Cryptocurrency investment products hit a record $4.4 billion inflow last week, led by Ethereum ETPs breaking 2024 totals amid Bitcoin’s rally past $120K, pushing total crypto assets over $220 billion.
Crypto exchange-traded products (ETPs) rallied strongly last week, attracting a record $4.4 billion in inflows, marking the 14th straight week of gains for the sector. This surge pushed the total assets under management (AUM) past a historic $220 billion, underscoring a powerful growth phase for cryptocurrency investments globally.
Bitcoin briefly soared beyond $122,000 midweek before easing to close near $120,000, reinforcing its dominance while driving investor enthusiasm. This dynamic market backdrop helped crypto ETPs reach year-to-date inflows totaling an unprecedented $27 billion, setting new performance standards for 2025.
Ether ETPs Outpace 2024 — Setting New Benchmarks
Ethereum-based products eclipsed expectations, with total inflows for 2025 already exceeding last year’s full-year $6.2 billion at a fresh $6.2 billion mark. The past week alone registered $2.12 billion inflows, more than double any previous record in the sector, signaling fierce investor confidence. Ethereum prices broke above $3,500 for the first time since early January, rebounding sharply from a low near $1,500 in April.
These inflows represent about 23% of Ethereum’s total AUM, a striking indicator of intense capital rotation toward ETH assets. Such momentum reflects a broader sentiment shift as investors expand beyond Bitcoin to capitalize on Ethereum’s evolving ecosystem and growing DeFi activity.
Bitcoin Resilience Amid Ether’s Ascendancy
Bitcoin ETPs maintained robust demand, accounting for approximately half of all crypto inflows last week with $2.2 billion entering Bitcoin-linked products. This resilience helped stabilize the market even as some altcoins experienced minor fluctuations.

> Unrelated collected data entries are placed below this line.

(* Let $x^{(0)}\in\mathbb R^n$, $h_0:=H(x^{(0)})$, let $\epsilon>0$ be small, and let $t_\epsilon$ be the unique solution of $f(t_\epsilon)=\epsilon$, where $f(t)=\frac1{h_0}\tanh(\frac{h_0t}2)$ if $h_0\ne0$ and $f(t)=t/2$ if $h_0=0$. Let $x(t)$ be the solution of $\dot x_i=x_i\big(\sum_{j>i}a_jx_j-\sum_{j<i}a_jx_j\big)$ with $x(0)=x^{(0)}$. Then $x(t_\epsilon)=\mathcal K(x^{(0)})$. Consequently, since $t_\epsilon$ depends on $x^{(0)}$ only through $H(x^{(0)})$ (which is preserved by $\mathcal K$), the $m$-th iterate satisfies $\mathcal K^m(x^{(0)})=x(mt_\epsilon)$ for all $m\ge0$, and every first integral of the continuous system is invariant under $\mathcal K$.
   Context: $(a_1,\dots,a_n)\in\mathbb R^n\setminus\{0\}$, $H=a_1x_1+\dots+a_nx_n$, $v_0:=0$, $v_i:=a_1x_1+\dots+a_ix_i$. $\mathcal K$ is the Kahan map with step size $2\epsilon$: $\tilde x_i=x_i\dfrac{(1-\epsilon H)(1+\epsilon H)}{(1-\epsilon H+2\epsilon v_{i-1})(1-\epsilon H+2\epsilon v_i)}$, $i=1,\dots,n$ (points where denominators vanish or the solution ceases to exist are excluded). *)

theory Defs
  imports "HOL-Analysis.Analysis"
begin

text \<open>Coordinates are indexed by a finite linearly ordered type 'n (so n = CARD('n));
  the order on 'n plays the role of the order on the indices 1..n.\<close>

definition Ham :: "real^('n::{finite,linorder}) \<Rightarrow> real^('n::{finite,linorder}) \<Rightarrow> real" where
  "Ham a x = (\<Sum>j\<in>UNIV. a$j * x$j)"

While Ether’s explosion grabbed headlines, Bitcoin’s strategic role remains strong. It commanded 84% of the crypto ETP inflows during the first half of 2025, supporting its leadership in institutional portfolios.
Minor outflows affected certain U.S.-based issuers but overall liquidity and investment appetite in crypto markets remain vigorous. Leading funds like BlackRock’s iShares and Fidelity attracted billions, signaling sustained confidence from established financial institutions.